Так и на данной выставке мы снова увидели все тех же летающих бородатых иудеев, возлежащих на диване любовников, белых невест, акробатов, нежных эфебов с букетами, порхающих ангелочков, согбенных жалких скрипачей, и все это вперемежку с какими-то музицирующими козлами, с гигантскими курицами, с телятами и апокалиптическими конями. Да и в смысле фона это опять то же черное небо с разноцветными ореолами светила, те же домишки грязной дыры из ужасного захолустья, тот же талый снег, или же рамы окон, зеленеющие кусты, стенные часы, семисвечники, торы. Меняется лишь расположение этих разнообразных элементов, и меняется формат картины. Видно, без иных из этих обязательных деталей художник просто не может обойтись, и они нет-нет да и пролезут в его композицию, которая ему кажется незаконченной, пока именно какой-либо такой козел-скрипач или крылатый вестник не нашли себе места.
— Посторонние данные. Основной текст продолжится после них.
text \<open>A minimising sequence is Cauchy by
  the previous lemma, and its limit lies in the subspace by closedness.\<close>
lemma nearest_point_exists:
  fixes M :: "'a::complex_hilbert_space set"
  assumes M: "closed_csubspace M"
  shows "\<exists>y\<in>M. \<forall>v\<in>M. norm (x - y) \<le> norm (x - v)"
proof -
  have Mne: "M \<noteq> {}" and Mcl: "closed M" using M unfolding closed_csubspace_def by auto
  define d where "d = infdist x M"
  define e :: "nat \<Rightarrow> real" where "e k = inverse (real (Suc k))" for k
  have e0: "0 < e k" for k by (simp add: e_def)
  have e_lim: "e \<longlonglongrightarrow> 0" unfolding e_def by (rule LIMSEQ_inverse_real_of_nat)
  have "\<exists>m\<in>M. dist x m < d + e k" for k
  proof -
    have "(INF a\<in>M. dist x a) < d + e k" using e0[of k] by (simp add: d_def infdist_notempty[OF Mne])
    then show ?thesis using Mne by (subst (asm) cINF_less_iff) (auto intro: bdd_belowI[of _ 0])
  qed
  then obtain m where mM: "\<And>k. m k \<in> M" and md: "\<And>k. dist x (m k) \<le> d + e k"
    by (metis less_imp_le)
  define g where "g k = 2 * (d + e k)\<^sup>2 - 2 * d\<^sup>2" for k
  have g_lim: "g \<longlonglongrightarrow> 0"
    unfolding g_def using e_lim by (auto intro!: tendsto_eq_intros)
  have close: "(norm (m j - m k))\<^sup>2 \<le> g j + g k" for j k
  proof -
    have "(1/2) *\<^sub>R (m j + m k) \<in> M" by (intro subspace_scaleR subspace_add M mM)
    from near_minimisers_close[OF this md[unfolded d_def] md[unfolded d_def]]
    show ?thesis by (simp add: g_def d_def)
  qed
  have "Cauchy m"
  proof (rule CauchyI)
    fix \<epsilon> :: real assume \<epsilon>: "0 < \<epsilon>"
    then have "\<forall>\<^sub>F n in sequentially. g n < \<epsilon>\<^sup>2 / 2" using g_lim by (intro order_tendstoD) auto
    then obtain N where N: "\<And>n. N \<le> n \<Longrightarrow> g n < \<epsilon>\<^sup>2 / 2" by (auto simp: eventually_sequentially)
    have "norm (m j - m k) < \<epsilon>" if "N \<le> j" "N \<le> k" for j k
    proof -
      have "(norm (m j - m k))\<^sup>2 < \<epsilon>\<^sup>2" using close[of j k] N[OF that(1)] N[OF that(2)] by linarith
      then show ?thesis using \<epsilon> by (simp add: power_less_imp_less_base)
    qed
    then show "\<exists>M. \<forall>j\<ge>M. \<forall>k\<ge>M. norm (m j - m k) < \<epsilon>" by blast
  qed
  then obtain y where my: "m \<longlonglongrightarrow> y" by (auto simp: Cauchy_convergent_iff convergent_def)
  have "dist x y \<le> d"
  proof (rule tendsto_le[OF trivial_limit_sequentially])
    show "(\<lambda>k. d + e k) \<longlonglongrightarrow> d" using tendsto_add[OF tendsto_const e_lim] by simp
    show "(\<lambda>k. dist x (m k)) \<longlonglongrightarrow> dist x y" by (intro tendsto_intros my)
    show "\<forall>\<^sub>F k in sequentially. dist x (m k) \<le> d + e k" using md by simp
  qed
  moreover have "d \<le> dist x v" if "v \<in> M" for v unfolding d_def using that by (rule infdist_le)
  moreover have "y \<in> M" using closed_sequentially[OF Mcl mM my] .
  ultimately show ?thesis by (force simp: dist_norm)
qed

text \<open>A nearest point \<open>y\<close> of a subspace is characterised by \<open>x - y \<perp> M\<close>:
  moving \<open>y\<close> along \<open>u \<in> M\<close> cannot decrease the distance, which forces
  \<open>Re \<langle>x - y, u\<rangle> = 0\<close>; applying this to \<open>i u\<close> kills the imaginary part.\<close>
lemma nearest_point_orthogonal:
  fixes M :: "'a::complex_inner_space set"
  assumes M: "closed_csubspace M" and y: "y \<in> M"
    and min: "\<And>v. v \<in> M \<Longrightarrow> norm (x - y) \<le> norm (x - v)" and z: "z \<in> M"
  shows "cinner (x - y) z = 0"
proof -
  have Re0: "Re (cinner (x - y) u) = 0" if u: "u \<in> M" for u
  proof (cases "u = 0")
    case False
    define t where "t = Re (cinner (x - y) u) / (norm u)\<^sup>2"
    have "y + t *\<^sub>R u \<in> M" by (intro subspace_add subspace_scaleR M y u)
    then have "(norm (x - y))\<^sup>2 \<le> (norm (x - y - t *\<^sub>R u))\<^sup>2"
      using min by (simp add: diff_diff_eq power_mono)
    also have "\<dots> = (norm (x - y))\<^sup>2 - (Re (cinner (x - y) u))\<^sup>2 / (norm u)\<^sup>2"
      unfolding t_def by (rule norm_diff_real_component_sq[OF False])
    finally have "(Re (cinner (x - y) u))\<^sup>2 / (norm u)\<^sup>2 \<le> 0" by simp
    then show ?thesis using False by (simp add: divide_le_0_iff)
  qed simp
  from Re0[OF z] Re0[OF subspace_cscale[OF M z, of \<i>]] show ?thesis
    by (simp add: cinner_cscale_right complex_eq_iff)
qed

lemma proj_onto_props:
  fixes M :: "'a::complex_hilbert_space set"
  assumes M: "closed_csubspace M"
  shows "proj_onto M x \<in> M \<and> (\<forall>z\<in>M. cinner (x - proj_onto M x) z = 0)"
  unfolding proj_onto_def
proof (rule theI')
  show "\<exists>!y. y \<in> M \<and> (\<forall>z\<in>M. cinner (x - y) z = 0)"
  proof (rule ex_ex1I)
    show "\<exists>y. y \<in> M \<and> (\<forall>z\<in>M. cinner (x - y) z = 0)"
      using nearest_point_exists[OF M, of x] nearest_point_orthogonal[OF M] by blast
  next
    fix y1 y2
    assume 1: "y1 \<in> M \<and> (\<forall>z\<in>M. cinner (x - y1) z = 0)"
      and 2: "y2 \<in> M \<and> (\<forall>z\<in>M. cinner (x - y2) z = 0)"
    then have dM: "y1 - y2 \<in> M" using subspace_diff[OF M] by blast
    have "cinner (y1 - y2) (y1 - y2) = cinner ((x - y2) - (x - y1)) (y1 - y2)" by simp
    also have "\<dots> = 0" using 1 2 dM by (simp only: cinner_diff_left) simp
    finally show "y1 = y2" by (simp add: cinner_self_eq)
  qed
qed

lemma proj_onto_cinner:
  fixes M :: "'a::complex_hilbert_space set"
  assumes "closed_csubspace M" "z \<in> M"
  shows "cinner (proj_onto M x) z = cinner x z"
  using proj_onto_props[OF assms(1), of x] assms(2) by (auto simp: cinner_diff_left)

lemma bounded_op_linear: "bounded_op T \<Longrightarrow> bounded_linear T"
  unfolding bounded_op_def clinear_def
  by (metis bounded_linear_intro cscale_of_real mult.commute)

lemma norm_cinner_op_le:
  assumes "bounded_linear T" "norm (x::'a::complex_inner_space) = 1"
  shows "norm (cinner (T x) x) \<le> onorm T"
  using cinner_le[of "T x" x] onorm[OF assms(1), of x] assms(2) by simp

lemma orth_projection_linear: "orth_projection P \<Longrightarrow> bounded_linear P"
  unfolding orth_projection_def by (auto intro: bounded_op_linear)

lemma orth_projection_fixes_range: "orth_projection P \<Longrightarrow> x \<in> range P \<Longrightarrow> P x = x"
  unfolding orth_projection_def by auto

lemma orth_projection_compression_form:
  assumes "orth_projection P" "x \<in> range P"
  shows "cinner (P (T (P x))) x = cinner (T x) x"
  using assms unfolding orth_projection_def by (metis rangeE)

lemma orth_projection_residual_orthogonal:
  assumes "orth_projection Q"
  shows "cinner (Q x) (x - Q x) = 0"
proof -
  have "cinner (Q x) (Q x) = cinner (Q x) x"
    using assms unfolding orth_projection_def by metis
  then show ?thesis by (simp add: cinner_diff_right)
qed

lemma range_linear_scaleR: "bounded_linear P \<Longrightarrow> x \<in> range P \<Longrightarrow> r *\<^sub>R x \<in> range P"
  by (metis linear_scale[OF bounded_linear.linear] rangeE rangeI)

lemma orth_projection_unit_vector:
  assumes "orth_projection P" "P \<noteq> (\<lambda>x. 0)"
  shows "\<exists>x\<in>range P. norm x = 1"
proof -
  obtain x0 where "P x0 \<noteq> 0" using assms(2) by auto
  then show ?thesis
    using range_linear_scaleR[OF orth_projection_linear[OF assms(1)], of "P x0" "inverse (norm (P x0))"]
    by (metis rangeI norm_sgn sgn_div_norm scaleR_conv_of_real divide_inverse_commute)
qed

text \<open>The Rayleigh quotient \<open>\<langle>Tz,z\<rangle>/\<parallel>z\<parallel>\<^sup>2\<close> is the value of the quadratic form
  at the normalisation of \<open>z\<close>; it links non-unit vectors to numerical ranges.\<close>
definition rayleigh :: "('a::complex_inner_space \<Rightarrow> 'a) \<Rightarrow> 'a \<Rightarrow> complex" where
  "rayleigh T z = cinner (T z) z / of_real ((norm z)\<^sup>2)"

lemma rayleigh_unit: "norm x = 1 \<Longrightarrow> rayleigh T x = cinner (T x) x"
  by (simp add: rayleigh_def)

lemma rayleigh_in_numrange_on:
  assumes T: "bounded_linear T" and z: "z \<noteq> 0" and M: "\<And>r. r *\<^sub>R z \<in> M"
  shows "rayleigh T z \<in> numrange_on M T"
proof -
  define u where "u = inverse (norm z) *\<^sub>R z"
  have "cinner (T u) u = rayleigh T z"
    unfolding u_def rayleigh_def using z
    by (simp add: linear_scale[OF bounded_linear.linear[OF T]] cinner_scaleR_left cinner_scaleR_right
        field_simps power2_eq_square)
  moreover have "u \<in> M" "norm u = 1" using M z by (simp_all add: u_def)
  ultimately show ?thesis unfolding numrange_on_def by (metis (mono_tags, lifting) mem_Collect_eq)
qed

lemma isCont_rayleigh:
  assumes T: "bounded_linear T" and z: "z \<noteq> 0"
  shows "isCont (rayleigh T) z"
proof -
  have "isCont (\<lambda>x. cinner (T x) x) z"
    unfolding isCont_def by (intro tendsto_cinner bounded_linear.tendsto[OF T] tendsto_ident_at)
  then show ?thesis unfolding rayleigh_def using z by (intro continuous_intros) auto
qed

lemma numrange_on_cong:
  "(\<And>x. x \<in> M \<Longrightarrow> cinner (A x) x = cinner (B x) x) \<Longrightarrow> numrange_on M A = numrange_on M B"
  unfolding numrange_on_def by (metis (lifting))

lemma numrange_on_bounded: "bounded_linear T \<Longrightarrow> bounded (numrange_on M T)"
  unfolding bounded_iff numrange_on_def using norm_cinner_op_le by blast

lemma numrange_on_mono: "M \<subseteq> N \<Longrightarrow> numrange_on M T \<subseteq> numrange_on N T"
  unfolding numrange_on_def by blast

lemma numrange_on_nonempty: "\<exists>x\<in>M. norm x = 1 \<Longrightarrow> numrange_on M T \<noteq> {}"
  unfolding numrange_on_def by auto

lemma numrange_nonempty:
  assumes "\<exists>x::'a::complex_inner_space. x \<noteq> 0"
  shows "numrange (T :: 'a \<Rightarrow> 'a) \<noteq> {}"
  using assms numrange_on_nonempty[of UNIV T] unfolding numrange_def by (metis UNIV_I norm_sgn)

lemma infdist_closure_le:
  fixes A B :: "'b::metric_space set"
  assumes "B \<noteq> {}" "\<forall>u\<in>A. \<exists>v\<in>B. dist u v \<le> c" "w \<in> closure A"
  shows "infdist w (closure B) \<le> c"
proof -
  have "infdist w (closure B) \<le> infdist w B"
    using assms(1) by (intro infdist_mono closure_subset)
  also have "infdist w B \<le> c"
  proof (rule field_le_epsilon)
    fix e :: real assume "0 < e"
    then obtain u where u: "u \<in> A" "dist u w < e" using assms(3) closure_approachable by metis
    then obtain v where v: "v \<in> B" "dist u v \<le> c" using assms(2) by blast
    have "infdist w B \<le> infdist u B + dist w u" by (rule infdist_triangle)
    also have "infdist u B \<le> dist u v" using v(1) by (rule infdist_le)
    finally show "infdist w B \<le> c + e" using u v by (simp add: dist_commute)
  qed
  finally show ?thesis .
qed

lemma hausdorff_dist_le:
  fixes A B :: "complex set"
  assumes "A \<noteq> {}" "B \<noteq> {}" "\<forall>u\<in>A. \<exists>v\<in>B. dist u v \<le> c" "\<forall>v\<in>B. \<exists>u\<in>A. dist v u \<le> c"
  shows "0 \<le> hausdorff_dist (closure A) (closure B)"
    and "hausdorff_dist (closure A) (closure B) \<le> c"
proof -
  have AB: "infdist w (closure B) \<le> c" if "w \<in> closure A" for w
    using infdist_closure_le[OF assms(2,3) that] .
  have BA: "infdist w (closure A) \<le> c" if "w \<in> closure B" for w
    using infdist_closure_le[OF assms(1,4) that] .
  have s1: "(SUP x\<in>closure A. infdist x (closure B)) \<le> c" using assms(1) AB by (intro cSUP_least) auto
  have s2: "(SUP x\<in>closure B. infdist x (closure A)) \<le> c" using assms(2) BA by (intro cSUP_least) auto
  obtain a where a: "a \<in> closure A" using assms(1) closure_subset by blast
  have "0 \<le> (SUP x\<in>closure A. infdist x (closure B))"
    using AB by (intro cSUP_upper2[OF _ a] infdist_nonneg bdd_aboveI2[where M=c]) auto
  then show "0 \<le> hausdorff_dist (closure A) (closure B)"
    and "hausdorff_dist (closure A) (closure B) \<le> c"
    using s1 s2 unfolding hausdorff_dist_def by auto
qed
Я шел на выставку без большой охоты, в предвидении именно этих повторений, успевших за годы моего знакомства с творчеством Шагала сильно приесться. Но вот эта новая демонстрация “упражнения с ограниченным количеством реквизитов” не только меня не огорчила, но она пленила меня, а, главное, не получилось от этого сеанса впечатления трюкажа или хотя бы до полного бесчувствия зазубренного фокуса. В каждой картине, в каждом рисунке Шагала все же имеется своя жизнь, а, следовательно, свой raison d"etre. Каким-то образом все это, даже самое знакомое, трогает; не является и сожаление вроде того, что “вот такой замечательный талант, а так себя разменивает, так себя ограничивает”. Шагал просто остался верен себе, а иначе он творить не может. Но когда он берется за кисти и краски, на него что-то накатывается, и он делает то, что ему велит распоряжающееся им божество — так что выходит, что вина божества, если получается все одно и то же.

Но только божество это, разумеется, не Аполлон. Самое прельстительное и безусловно прельстительное в Шагале, это — краски, и не только их сочетание, но самые колеры, каждый колер, взятый сам по себе. Прелестна эта манера класть краски, то, что называется фактурой. Но и эти красочные прелести отнюдь не аполлонического происхождения. Нет в них ни стройной мелодичности, ни налаженной гармонии, нет и какой-либо задачи, проведения какой-либо идеи. Все возникает как попало, и невозможно найти в этой сплошной импровизации каких-либо намерений и законов. Вдохновения — хоть отбавляй, но вдохновение это того порядка, к которому художники, вполне владеющие своим творчеством, относятся несколько свысока. Почему не быть и такому искусству, почему не тешиться им? Тешимся же мы рисунками детей или любителей, наслаждаемся же мы часто беспомощными изделиями народного творчества — всем тем, в чем действует непосредственный инстинкт и в чем отсутствует регулирующее сознание. Мало того, этим наслаждаться даже полезно, это действует освежающе, это дает новые импульсы. Но аполлоническое начало начинается лишь с того момента, когда инстинкт уступает место воле, знанию, известной системе идей и, наконец, воздействию целой традиционной культуры.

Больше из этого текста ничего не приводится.